## Exercise requirements
Each line in the data holding "hence" should be listed.

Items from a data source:

(* The compensated block matrix [[Qc, Lc], [Lc^T, Rc]] is [[Q, L], [L^T, R]] plus
   Pi(X) = sum_i [A0^i B0^i]^T X [A0^i B0^i], a sum of psd matrices, and Rc is positive definite;
   hence its Schur complement Hc is psd. If Hc x = 0, the quadratic form of the compensated matrix
   vanishes at (x, -Rc^-1 Lc^T x), hence so does that of [[Q, L], [L^T, R]], which puts x in the
   kernel of Q - L R^-1 L^T. The kernel hypothesis then gives L^T x = 0 and A0^i x = 0, so
   Lc^T x = 0 and Ac x = A x. Applied to the real and imaginary parts of an unstable eigenvector
   of Ac annihilated by Hc, this produces one of A annihilated by Q - L R^-1 L^T. *)

lemma transpose_add: "transpose (A + B) = transpose A + transpose (B::'a::semiring_1^'c^'r)"
  by (simp add: transpose_def vec_eq_iff)

lemma transpose_diff: "transpose (A - B) = transpose A - transpose (B::'a::ring_1^'c^'r)"
  by (simp add: transpose_def vec_eq_iff)

lemma transpose_sum: "transpose (\<Sum>i\<in>I. f i) = (\<Sum>i\<in>I. transpose (f i :: 'a::semiring_1^'c^'r))"
  by (induction I rule: infinite_finite_induct) (auto simp: transpose_add transpose_def vec_eq_iff)

lemma matrix_vector_mult_sum_left:
  "(\<Sum>i\<in>I. f i) *v x = (\<Sum>i\<in>I. f i *v x :: 'a::semiring_1^'r)"
  by (induction I rule: infinite_finite_induct) (auto simp: matrix_vector_mult_add_rdistrib)

lemma matrix_vector_mult_uminus_right: "M *v (- v) = - (M *v v :: 'a::comm_ring_1^'r)"
  by (simp add: vec_eq_iff matrix_vector_mult_def sum_negf)

lemma inner_transpose_mult: "x \<bullet> (transpose M *v y) = (M *v x) \<bullet> (y :: real^'r)"
  by (metis dot_lmul_matrix inner_commute transpose_matrix_vector)

lemma matrix_inv_right:
  fixes A :: "'a::semiring_1^'n^'m"
  assumes "invertible A" shows "A ** matrix_inv A = mat 1"
  using someI_ex[OF assms[unfolded invertible_def]] by (simp add: matrix_inv_def)

lemma matrix_inv_left:
  fixes A :: "'a::semiring_1^'n^'m"
  assumes "invertible A" shows "matrix_inv A ** A = mat 1"
  using someI_ex[OF assms[unfolded invertible_def]] by (simp add: matrix_inv_def)

lemma matrix_inv_right_vec:
  fixes A :: "real^'n^'m"
  assumes "invertible A" shows "A *v (matrix_inv A *v y) = y"
  by (simp add: matrix_vector_mul_assoc matrix_inv_right[OF assms])

lemma matrix_inv_left_vec:
  fixes A :: "real^'n^'m"
  assumes "invertible A" shows "matrix_inv A *v (A *v y) = y"
  by (simp add: matrix_vector_mul_assoc matrix_inv_left[OF assms])

lemma symmetric_matrix_inv:
  fixes S :: "real^'n^'n"
  assumes "symmetric_mat S" "invertible S"
  shows "symmetric_mat (matrix_inv S)"
proof -
  have "transpose (matrix_inv S) ** S = mat 1"
    using arg_cong[OF matrix_inv_right[OF assms(2)], of transpose] assms(1)
    by (simp add: matrix_transpose_mul symmetric_mat_def)
  then have "transpose (matrix_inv S) = transpose (matrix_inv S) ** (S ** matrix_inv S)"
    by (simp add: matrix_inv_right[OF assms(2)])
  also have "\<dots> = matrix_inv S"
    by (simp add: matrix_mul_assoc \<open>transpose (matrix_inv S) ** S = mat 1\<close>)
  finally show ?thesis unfolding symmetric_mat_def .
qed

lemma symmetric_mat_congruence:
  fixes X :: "real^'n^'n" and G :: "real^'k^'n"
  assumes "symmetric_mat X" shows "symmetric_mat (transpose G ** X ** G)"
  using assms by (simp add: symmetric_mat_def matrix_transpose_mul matrix_mul_assoc)

lemma psd_0: "psd (0::real^'n^'n)"
  by (simp add: psd_def symmetric_mat_def transpose_def vec_eq_iff)

lemma psd_add: "psd S \<Longrightarrow> psd T \<Longrightarrow> psd (S + T)"
  by (simp add: psd_def symmetric_mat_def transpose_add matrix_vector_mult_add_rdistrib
      inner_add_right add_nonneg_nonneg)

lemma psd_sum: "(\<And>i. i \<in> I \<Longrightarrow> psd (f i)) \<Longrightarrow> psd (\<Sum>i\<in>I. f i)"
  by (induction I rule: infinite_finite_induct) (auto simp: psd_0 psd_add)

lemma psd_congruence:
  fixes X :: "real^'n^'n" and G :: "real^'k^'n"
  assumes "psd X" shows "psd (transpose G ** X ** G)"
proof -
  have "0 \<le> x \<bullet> ((transpose G ** X ** G) *v x)" for x
    using assms unfolding psd_def
    by (simp add: matrix_vector_mul_assoc[symmetric] inner_transpose_mult del: transpose_matrix_vector)
  then show ?thesis
    using assms symmetric_mat_congruence unfolding psd_def by blast
qed

lemma pd_add_psd: "pd R \<Longrightarrow> psd S \<Longrightarrow> pd (R + S)"
  by (simp add: pd_def psd_def symmetric_mat_def transpose_add matrix_vector_mult_add_rdistrib
      inner_add_right add_pos_nonneg)

lemma pd_invertible:
  fixes S :: "real^'n^'n"
  assumes "pd S" shows "invertible S"
proof -
  have "\<forall>x. S *v x = 0 \<longrightarrow> x = 0"
    using assms unfolding pd_def by (metis inner_zero_right less_irrefl)
  then show ?thesis using invertible_left_inverse matrix_left_invertible_ker by blast
qed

## Response
   hence its Schur complement Hc is psd. If Hc x = 0, the quadratic form of the compensated matrix
   vanishes at (x, -Rc^-1 Lc^T x), hence so does that of [[Q, L], [L^T, R]], which puts x in the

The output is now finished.